(Collected data)

lemma exists_residue_root_if_v_gt:
  assumes s: "s \<in> M" "s \<noteq> \<zero>" and r: "r \<in> A" and ps: "nat_elem p \<otimes> s = s [^] p \<otimes> r"
    and c: "c \<in> val_units K v" and g: "g \<in> K" "g \<noteq> \<zero>" and i: "\<not> p dvd i"
    and gt: "v (s [^] p) < v ((\<one> \<oplus> c \<otimes> s [^] p) [^] i \<otimes> g [^] p \<ominus> \<one>)"
  shows "\<exists>x\<in>A. c \<ominus> (x [^] p \<oplus> r \<otimes> x) \<in> M"
proof -
  define S where "S = s [^] p"
  have SM: "S \<in> M"
    unfolding S_def using s(1) two_le_p by (simp add: val_ideal_pow)
  have sK: "s \<in> K" and cA: "c \<in> A" and vc: "v c = 0" and SK: "S \<in> K"
    using s c SM by (simp_all add: val_ideal_iff val_ring_iff val_units_def)
  have cS: "c \<otimes> S \<in> M" "v (c \<otimes> S) = v S"
    using SM cA vc v_mult[of c S] SK by (simp_all add: val_ideal_closed val_ring_iff)
  obtain w1 where w1: "w1 \<in> A" "g \<ominus> \<one> \<in> M" "g \<in> A" and expand:
    "(\<one> \<oplus> c \<otimes> S) [^] i \<otimes> g [^] p \<ominus> \<one> = c \<otimes> S \<otimes> (nat_elem i \<oplus> c \<otimes> S \<otimes> w1) \<otimes> g [^] p \<oplus> (g [^] p \<ominus> \<one>)"
    using expansion_if_v_gt[OF cS(1) g] gt cS(2) unfolding S_def by metis
  define y where "y = g \<ominus> \<one>"
  obtain w2 where w2: "w2 \<in> A" "g [^] p \<ominus> \<one> = y [^] p \<oplus> nat_elem p \<otimes> y \<otimes> (\<one> \<oplus> y \<otimes> w2)"
    using pow_p_minus_one_expansion[OF w1(3)] unfolding y_def .
  obtain z where z: "z \<in> A" "y = s \<otimes> z"
    using minus_one_divisible_if_v_gt[OF s r ps c g gt] unfolding y_def by blast
  have carrier: "c \<in> carrier L" "S \<in> carrier L" "w1 \<in> carrier L" "w2 \<in> carrier L" "g [^] p \<in> carrier L"
    "z \<in> carrier L" "z [^] p \<in> carrier L" "r \<in> carrier L" "s \<in> carrier L" "y \<in> carrier L"
    "nat_elem i \<in> carrier L" "nat_elem p \<in> carrier L"
    using cA SK w1 w2 z r sK g val_ring_subset_carrier K_subset_carrier unfolding y_def by simp_all
  have sz: "(s \<otimes> z) [^] p = S \<otimes> z [^] p"
    unfolding S_def using carrier by (simp add: nat_pow_distrib)
  \<comment> \<open>Writing \<open>g = 1 + s z\<close>, the element \<open>h\<^sup>i g\<^sup>p - 1\<close> is \<open>s\<^sup>p Q\<close>, and \<open>Q\<close> reduces to \<open>i c + z\<^sup>p + r z\<close> modulo \<open>M\<close>.\<close>
  define Q where "Q = c \<otimes> (nat_elem i \<oplus> c \<otimes> S \<otimes> w1) \<otimes> g [^] p \<oplus> (z [^] p \<oplus> r \<otimes> z \<otimes> (\<one> \<oplus> y \<otimes> w2))"
  have "(\<one> \<oplus> c \<otimes> S) [^] i \<otimes> g [^] p \<ominus> \<one>
      = c \<otimes> S \<otimes> (nat_elem i \<oplus> c \<otimes> S \<otimes> w1) \<otimes> g [^] p
        \<oplus> (S \<otimes> z [^] p \<oplus> (nat_elem p \<otimes> s) \<otimes> (z \<otimes> (\<one> \<oplus> y \<otimes> w2)))"
    unfolding expand w2(2) unfolding z(2) sz using carrier by algebra
  also have "\<dots> = S \<otimes> Q"
    unfolding ps S_def[symmetric] Q_def using carrier by algebra
  finally have "v S < v (S \<otimes> Q)"
    using gt unfolding S_def by simp
  moreover have "Q \<in> K"
    unfolding Q_def y_def using cA w1 w2 z r g SK sK by (simp add: val_ring_iff)
  ultimately have QM: "Q \<in> M"
    using val_ideal_if_v_mult_less[OF SK] K_pow_nonzero[OF sK s(2)] unfolding S_def by blast
  have "nat_elem i \<otimes> c \<oplus> z [^] p \<oplus> r \<otimes> z
      = Q \<ominus> (c \<otimes> nat_elem i \<otimes> (g [^] p \<ominus> \<one>) \<oplus> c \<otimes> (c \<otimes> S \<otimes> w1) \<otimes> g [^] p \<oplus> r \<otimes> z \<otimes> (y \<otimes> w2))"
    unfolding Q_def using carrier by algebra
  also have "\<dots> \<in> M"
    using QM pow_minus_one_in_val_ideal[OF w1(3,2), of p] SM cA w1(1,3) w2(1) z(1) r
      val_ideal_mult_right[OF w1(2) w2(1)]
    unfolding y_def by (simp add: val_ideal_closed)
  finally show ?thesis
    using exists_residue_root_rescaled[OF cA z(1) r i] by blast
qed

lemma is_best_if_no_residue_root:
  assumes s: "s \<in> M" "s \<noteq> \<zero>" and r: "r \<in> A" and ps: "nat_elem p \<otimes> s = s [^] p \<otimes> r"
    and c: "c \<in> val_units K v" and no_root: "\<not> (\<exists>x\<in>A. c \<ominus> (x [^] p \<oplus> r \<otimes> x) \<in> M)"
  shows "is_best L K v p (\<one> \<oplus> c \<otimes> s [^] p)"
proof (rule is_bestI[OF two_le_p])
  have sK: "s \<in> K" and cK: "c \<in> K" and vc: "v c = 0"
    using s c by (simp_all add: val_ideal_iff val_units_def)
  show "\<one> \<oplus> c \<otimes> s [^] p \<in> K"
    using sK cK by simp
  have h1: "v ((\<one> \<oplus> c \<otimes> s [^] p) \<ominus> \<one>) = v (s [^] p)"
    using v_mult[of c "s [^] p"] sK cK vc K_subset_carrier by simp
  fix g and i :: nat
  assume g: "g \<in> K" "g \<noteq> \<zero>" and i: "\<not> p dvd i"
  show "v ((\<one> \<oplus> c \<otimes> s [^] p) [^] i \<otimes> g [^] p \<ominus> \<one>) \<le> v ((\<one> \<oplus> c \<otimes> s [^] p) \<ominus> \<one>)"
    using exists_residue_root_if_v_gt[OF s r ps c g i] no_root h1 by force
qed

lemma exists_factor_if_small:
  assumes s: "s \<in> M" and small: "nsm (p - 1) (v s) < v (nat_elem p)"
  obtains r where "s \<noteq> \<zero>" "r \<in> M" "nat_elem p \<otimes> s = s [^] p \<otimes> r"
proof -
  obtain \<pi> where \<pi>: "v (nat_elem p) = Fin \<pi>" "0 < \<pi>"
    using v_p .
  have sK: "s \<in> K"
    using s by (simp add: val_ideal_iff)
  have "s \<noteq> \<zero>"
  proof
    assume "s = \<zero>"
    then have "nsm (p - 1) (v s) = Pinf"
      using nsm_Pinf[of "p - 1"] two_le_p by simp
    then show False
      using small \<pi> by simp
  qed
  then obtain \<sigma> where \<sigma>: "v s = Fin \<sigma>"
    using v_finite sK by blast
  have S: "s [^] p \<in> K" "s [^] p \<noteq> \<zero>" "v (s [^] p) = Fin (nsm p \<sigma>)"
    using sK K_pow_nonzero[OF sK \<open>s \<noteq> \<zero>\<close>] v_pow[OF sK] \<sigma> by (simp_all add: nsm_Fin)
  define r where "r = nat_elem p \<otimes> s \<otimes> inv (s [^] p)"
  have inv: "inv (s [^] p) \<in> K" "s [^] p \<otimes> inv (s [^] p) = \<one>" "v (inv (s [^] p)) = Fin (- nsm p \<sigma>)"
    using K_inv_closed[OF S(1,2)] v_inv[OF S] by auto
  have "v r = Fin (\<pi> + \<sigma> - nsm p \<sigma>)"
    unfolding r_def using v_mult[of "nat_elem p \<otimes> s" "inv (s [^] p)"] v_mult[of "nat_elem p" s] \<pi> \<sigma> inv sK
    by simp
  moreover have "0 < \<pi> + \<sigma> - nsm p \<sigma>"
    using small \<pi> \<sigma> nsm_Suc_right[of "p - 1" \<sigma>] two_le_p by (simp add: nsm_Fin algebra_simps)
  ultimately have "r \<in> M"
    unfolding r_def using sK inv by (simp add: val_ideal_iff zero_extended_def)
  moreover have "s [^] p \<otimes> r = nat_elem p \<otimes> s \<otimes> (s [^] p \<otimes> inv (s [^] p))"
    unfolding r_def using K_subset_carrier[OF inv(1)] K_subset_carrier[OF S(1)] K_subset_carrier[OF sK]
      nat_elem_closed by algebra
  ultimately show ?thesis
    using that \<open>s \<noteq> \<zero>\<close> inv sK K_subset_carrier by simp
qed

lemma is_best_if_one_plus_unit_pth_power:
  assumes u: "u \<in> val_units K v" and s: "s \<in> M" and no_root: "\<not> (\<exists>x\<in>A. u \<ominus> x [^] p \<in> M)"
    and small: "nsm (p - 1) (v s) < v (nat_elem p)"
  shows "is_best L K v p (\<one> \<oplus> u \<otimes> s [^] p)"
proof -
  obtain r where r: "s \<noteq> \<zero>" "r \<in> M" "nat_elem p \<otimes> s = s [^] p \<otimes> r"
    using exists_factor_if_small[OF s small] .
  have "u \<ominus> x [^] p \<in> M" if x: "x \<in> A" "u \<ominus> (x [^] p \<oplus> r \<otimes> x) \<in> M" for x
  proof -
    have "x \<in> carrier L" "x [^] p \<in> carrier L" "u \<in> carrier L" "r \<in> carrier L"
      using x u r K_subset_carrier by (simp_all add: val_units_def val_ring_iff val_ideal_iff)
    then have "u \<ominus> x [^] p = (u \<ominus> (x [^] p \<oplus> r \<otimes> x)) \<oplus> r \<otimes> x"
      by algebra
    then show ?thesis
      using x r by (simp add: val_ideal_closed)
  qed
  then have "\<not> (\<exists>x\<in>A. u \<ominus> (x [^] p \<oplus> r \<otimes> x) \<in> M)"
    using no_root by blast
  then show ?thesis
    using is_best_if_no_residue_root[OF s r(1) val_ideal_subset_val_ring[OF r(2)] r(3) u] by blast
qed

lemma primitive_root_in_val_ring:
  assumes \<zeta>: "\<zeta> \<in> K" "primitive_root L p \<zeta>"
  shows "\<zeta> \<in> A" "\<zeta> \<ominus> \<one> \<noteq> \<zero>" "\<zeta> [^] p = \<one>"
proof -
  show \<zeta>p: "\<zeta> [^] p = \<one>"
    using \<zeta>(2) unfolding primitive_root_def by simp
  have "\<zeta> [^] (1::nat) \<noteq> \<one>"
    using \<zeta>(2) two_le_p unfolding primitive_root_def by auto
  moreover have "\<zeta> = (\<zeta> \<ominus> \<one>) \<oplus> \<one>"
    using K_subset_carrier[OF \<zeta>(1)] by algebra
  ultimately show "\<zeta> \<ominus> \<one> \<noteq> \<zero>"
    using K_subset_carrier[OF \<zeta>(1)] by auto
  have "\<zeta> \<noteq> \<zero>"
    using \<zeta>p two_le_p by (auto simp: nat_pow_zero)
  then obtain a where a: "v \<zeta> = Fin a"
    using v_finite \<zeta>(1) by blast
  have "nsm p a = 0"
    using v_pow[OF \<zeta>(1), of p] \<zeta>p a by (simp add: nsm_Fin zero_extended_def)
  then show "\<zeta> \<in> A"
    using a \<zeta>(1) nsm_eq_0_iff[of p a] two_le_p by (simp add: val_ring_iff zero_extended_def)
qed

lemma primitive_root_minus_one:
  assumes \<zeta>: "\<zeta> \<in> K" "primitive_root L p \<zeta>"
  obtains r where "\<zeta> \<ominus> \<one> \<in> M" "\<zeta> \<ominus> \<one> \<noteq> \<zero>" "r \<in> A"
    "nat_elem p \<otimes> (\<zeta> \<ominus> \<one>) = (\<zeta> \<ominus> \<one>) [^] p \<otimes> r" "r \<oplus> \<one> \<in> M"
proof -
  note \<zeta>' = primitive_root_in_val_ring[OF \<zeta>]
  define y where "y = \<zeta> \<ominus> \<one>"
  have yA: "y \<in> A" and yc: "y \<in> carrier L"
    unfolding y_def using \<zeta>'(1) val_ring_subset_carrier by simp_all
  obtain w where w: "w \<in> A" "\<zeta> [^] p \<ominus> \<one> = y [^] p \<oplus> nat_elem p \<otimes> y \<otimes> (\<one> \<oplus> y \<otimes> w)"
    using pow_p_minus_one_expansion[OF \<zeta>'(1)] unfolding y_def .
  \<comment> \<open>\<open>y\<^sup>p + p y e = \<zeta>\<^sup>p - 1 = 0\<close> with \<open>e \<equiv> 1\<close>, so \<open>r = -e\<^sup>-\<^sup>1\<close> satisfies \<open>p y = y\<^sup>p r\<close>.\<close>
  define e where "e = \<one> \<oplus> y \<otimes> w"
  have eA: "e \<in> A" and ec: "e \<in> carrier L"
    unfolding e_def using yA w val_ring_subset_carrier by simp_all
  have "y [^] p \<oplus> nat_elem p \<otimes> y \<otimes> e = \<zero>"
    using w(2) \<zeta>'(3) unfolding e_def by (simp add: a_minus_def r_neg)
  then have ypow: "y [^] p = \<ominus> (nat_elem p \<otimes> y \<otimes> e)"
    using yc ec by (simp add: add.inv_unique' minus_equality)
  then have "y [^] p \<in> M"
    using yA eA nat_elem_p_in_val_ideal by (simp add: val_ideal_closed)
  then have yM: "y \<in> M"
    using val_ideal_if_pow[OF yA, of p] two_le_p by simp
  obtain u where u: "u \<in> A" "u \<otimes> e = \<one>" "u \<ominus> \<one> \<in> M"
    using inv_one_plus_val_ideal[OF val_ideal_mult_right[OF yM w(1)]] unfolding e_def by blast
  have uc: "u \<in> carrier L"
    using u(1) val_ring_subset_carrier by simp
  have "y [^] p \<otimes> (\<ominus> u) = nat_elem p \<otimes> y \<otimes> (u \<otimes> e)"
    unfolding ypow using yc ec uc nat_elem_closed by algebra
  then have "nat_elem p \<otimes> (\<zeta> \<ominus> \<one>) = (\<zeta> \<ominus> \<one>) [^] p \<otimes> (\<ominus> u)"
    using u(2) yc unfolding y_def by simp
  moreover have "\<ominus> u \<oplus> \<one> = \<ominus> (u \<ominus> \<one>)"
    using uc by algebra
  then have "\<ominus> u \<oplus> \<one> \<in> M"
    using u(3) by (simp add: val_ideal_closed)
  ultimately show ?thesis
    using that[of "\<ominus> u"] yM \<zeta>'(2) u(1) unfolding y_def by simp
qed

lemma is_best_if_one_plus_unit_zeta:
  assumes \<zeta>: "\<zeta> \<in> K" "primitive_root L p \<zeta>" and c: "c \<in> val_units K v"
    and no_root: "\<not> (\<exists>x\<in>A. c \<ominus> (x [^] p \<ominus> x) \<in> M)"
  shows "is_best L K v p (\<one> \<oplus> c \<otimes> (\<zeta> \<ominus> \<one>) [^] p)"
proof -
  obtain r where r: "\<zeta> \<ominus> \<one> \<in> M" "\<zeta> \<ominus> \<one> \<noteq> \<zero>" "r \<in> A"
    "nat_elem p \<otimes> (\<zeta> \<ominus> \<one>) = (\<zeta> \<ominus> \<one>) [^] p \<otimes> r" "r \<oplus> \<one> \<in> M"
    using primitive_root_minus_one[OF \<zeta>] .
  have "\<not> (\<exists>x\<in>A. c \<ominus> (x [^] p \<oplus> r \<otimes> x) \<in> M)"
  proof
    assume "\<exists>x\<in>A. c \<ominus> (x [^] p \<oplus> r \<otimes> x) \<in> M"
    then obtain x where x: "x \<in> A" "c \<ominus> (x [^] p \<oplus> r \<otimes> x) \<in> M"
      by blast
    have "x \<in> carrier L" "x [^] p \<in> carrier L" "c \<in> carrier L" "r \<in> carrier L"
      using x c r(3) K_subset_carrier by (simp_all add: val_units_def val_ring_iff)
    then have "c \<ominus> (x [^] p \<ominus> x) = (c \<ominus> (x [^] p \<oplus> r \<otimes> x)) \<oplus> (r \<oplus> \<one>) \<otimes> x"
      by algebra
    then have "c \<ominus> (x [^] p \<ominus> x) \<in> M"
      using x r(5) by (simp add: val_ideal_closed)
    then show False
      using no_root x(1) by blast
  qed
  then show ?thesis
    using is_best_if_no_residue_root[OF r(1,2,3,4) c] by blast
qed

■ **EXERCISE INSTRUCTIONS**
Which lines belong in the answer? Exactly those from the first line of the entries through the line holding "p = S \<otimes>", inclusive, copied unchanged.

■ **ANSWER SECTION**
lemma exists_residue_root_if_v_gt:
  assumes s: "s \<in> M" "s \<noteq> \<zero>" and r: "r \<in> A" and ps: "nat_elem p \<otimes> s = s [^] p \<otimes> r"
    and c: "c \<in> val_units K v" and g: "g \<in> K" "g \<noteq> \<zero>" and i: "\<not> p dvd i"
    and gt: "v (s [^] p) < v ((\<one> \<oplus> c \<otimes> s [^] p) [^] i \<otimes> g [^] p \<ominus> \<one>)"
  shows "\<exists>x\<in>A. c \<ominus> (x [^] p \<oplus> r \<otimes> x) \<in> M"
proof -
  define S where "S = s [^] p"
  have SM: "S \<in> M"
    unfolding S_def using s(1) two_le_p by (simp add: val_ideal_pow)
  have sK: "s \<in> K" and cA: "c \<in> A" and vc: "v c = 0" and SK: "S \<in> K"
    using s c SM by (simp_all add: val_ideal_iff val_ring_iff val_units_def)
  have cS: "c \<otimes> S \<in> M" "v (c \<otimes> S) = v S"
    using SM cA vc v_mult[of c S] SK by (simp_all add: val_ideal_closed val_ring_iff)
  obtain w1 where w1: "w1 \<in> A" "g \<ominus> \<one> \<in> M" "g \<in> A" and expand:
    "(\<one> \<oplus> c \<otimes> S) [^] i \<otimes> g [^] p \<ominus> \<one> = c \<otimes> S \<otimes> (nat_elem i \<oplus> c \<otimes> S \<otimes> w1) \<otimes> g [^] p \<oplus> (g [^] p \<ominus> \<one>)"
    using expansion_if_v_gt[OF cS(1) g] gt cS(2) unfolding S_def by metis
  define y where "y = g \<ominus> \<one>"
  obtain w2 where w2: "w2 \<in> A" "g [^] p \<ominus> \<one> = y [^] p \<oplus> nat_elem p \<otimes> y \<otimes> (\<one> \<oplus> y \<otimes> w2)"
    using pow_p_minus_one_expansion[OF w1(3)] unfolding y_def .
  obtain z where z: "z \<in> A" "y = s \<otimes> z"
    using minus_one_divisible_if_v_gt[OF s r ps c g gt] unfolding y_def by blast
  have carrier: "c \<in> carrier L" "S \<in> carrier L" "w1 \<in> carrier L" "w2 \<in> carrier L" "g [^] p \<in> carrier L"
    "z \<in> carrier L" "z [^] p \<in> carrier L" "r \<in> carrier L" "s \<in> carrier L" "y \<in> carrier L"
    "nat_elem i \<in> carrier L" "nat_elem p \<in> carrier L"
    using cA SK w1 w2 z r sK g val_ring_subset_carrier K_subset_carrier unfolding y_def by simp_all
  have sz: "(s \<otimes> z) [^] p = S \<otimes> z [^] p"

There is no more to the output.